The European Medicines Agency (EMA) has raised a safety signal about the potential link between GLP-1 agonists and thyroid cancer, while the FDA has already slapped semaglutide and tirzepatide (Mounjaro), a drug which combines GLP-1 and glucose-dependent insulinotropic polypeptide (GIP) agonist activity, with boxed warnings (formerly known as ‘black box warnings’) for thyroid cancer.
And just to put the icing on the cake, truth warrior Geoff Pain, PhD brought my attention to the Australian Public Assessment Report (AUSPAR) for Semaglutide, which referred obliquely to concerns about “the endotoxin aspects of safety”. As Geoff highlights in this article, semaglutide (and all the other GLP-1 agonists) are produced by biological fermentation through gene recombination technology, and the resulting products are contaminated with residual DNA and endotoxin from the bacteria used in this process.

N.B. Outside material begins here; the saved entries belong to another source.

theorem deg_red_univ_interp_space_hyperbolic_cross:
  "deg_red_univ_interp_space (monomial_span (hyperbolic_cross N :: ('n::finite \<Rightarrow> nat) set)) N"
  unfolding deg_red_univ_interp_space_def
proof (intro allI impI)
  fix X :: "('n \<Rightarrow> complex) set" and q :: "'n mpoly"
  assume X: "finite X \<and> card X \<le> N"
  show "\<exists>p\<in>monomial_span (hyperbolic_cross N).
    (\<forall>x\<in>X. mpoly_eval p x = mpoly_eval q x) \<and> mpoly_deg p \<le> mpoly_deg q"
  proof (cases "q = 0")
    case True
    then show ?thesis by (intro bexI[of _ 0]) (auto simp: monomial_span_def)
  next
    case False
    define d where "d = nat (mpoly_deg q)"
    have deg_q: "mpoly_deg q = int d" using False by (simp add: d_def mpoly_deg_def)
    define G where "G = {\<beta> \<in> standard_exps X. total_degree \<beta> \<le> d}"
    have fin_G: "finite G"
      by (rule finite_subset[OF _ finite_bounded_exponents[of d]])
         (auto simp: G_def intro: order_trans[OF component_le_total_degree])
    have inj_G: "inj_on (monom_on X) G"
      by (rule inj_on_subset[OF inj_on_monom_on_standard_exps]) (auto simp: G_def)
    have span_G: "(\<lambda>x. if x \<in> X then mpoly_eval q x else 0) \<in> cfun.span (monom_on X ` G)"
      unfolding G_def using total_degree_le_mpoly_deg deg_q
      by (intro restricted_eval_in_span_standard_exps) force
    obtain p where keys_p: "Poly_Mapping.keys p \<subseteq> G"
      and eval_p: "\<And>x. x \<in> X \<Longrightarrow> mpoly_eval p x = mpoly_eval q x"
      using exists_mpoly_of_span[OF fin_G inj_G span_G] by (metis (no_types, lifting))
    show ?thesis
    proof (intro bexI conjI ballI)
      show "p \<in> monomial_span (hyperbolic_cross N)"
        using keys_p standard_exps_subset_hyperbolic_cross[of X N] X
        by (auto simp: monomial_span_def G_def)
      show "mpoly_deg p \<le> mpoly_deg q"
        unfolding deg_q by (rule mpoly_deg_le) (use keys_p in \<open>auto simp: G_def\<close>)
    qed (simp add: eval_p)
  qed
qed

Endotoxin, as I have discussed in several previous articles, is a powerful bacteria-derived trigger of inflammation, and is associated with reduced glucose tolerance (which can eventually lead to diabetes), body weight gain, fat mass development and oxidative stress. Sounds like a good thing to have in your diabetes and weight loss drug.
GLP-1 agonists are contraindicated in pregnant women, and in people with gastroparesis (stomach paralysis), inflammatory bowel disease, severe renal dysfunction (since the drug is eliminated chiefly by the kidneys), a history of pancreatitis, and a personal or family history of thyroid cancer or its precursors.
Going out of your mind to lose weight?
Still think GLP-1 agonists might be worth the risk? Let’s take a look at the psychiatric adverse effects. The STEP 3 trial reported 18.4 events of “psychiatric disorders” per 1000 person years in participants randomised to semaglutide, compared to 11.9 per 1000 person-years in placebo recipients. Four participants dropped out of the trial because of new-onset or worsening anxiety, and of these, three had been taking semaglutide.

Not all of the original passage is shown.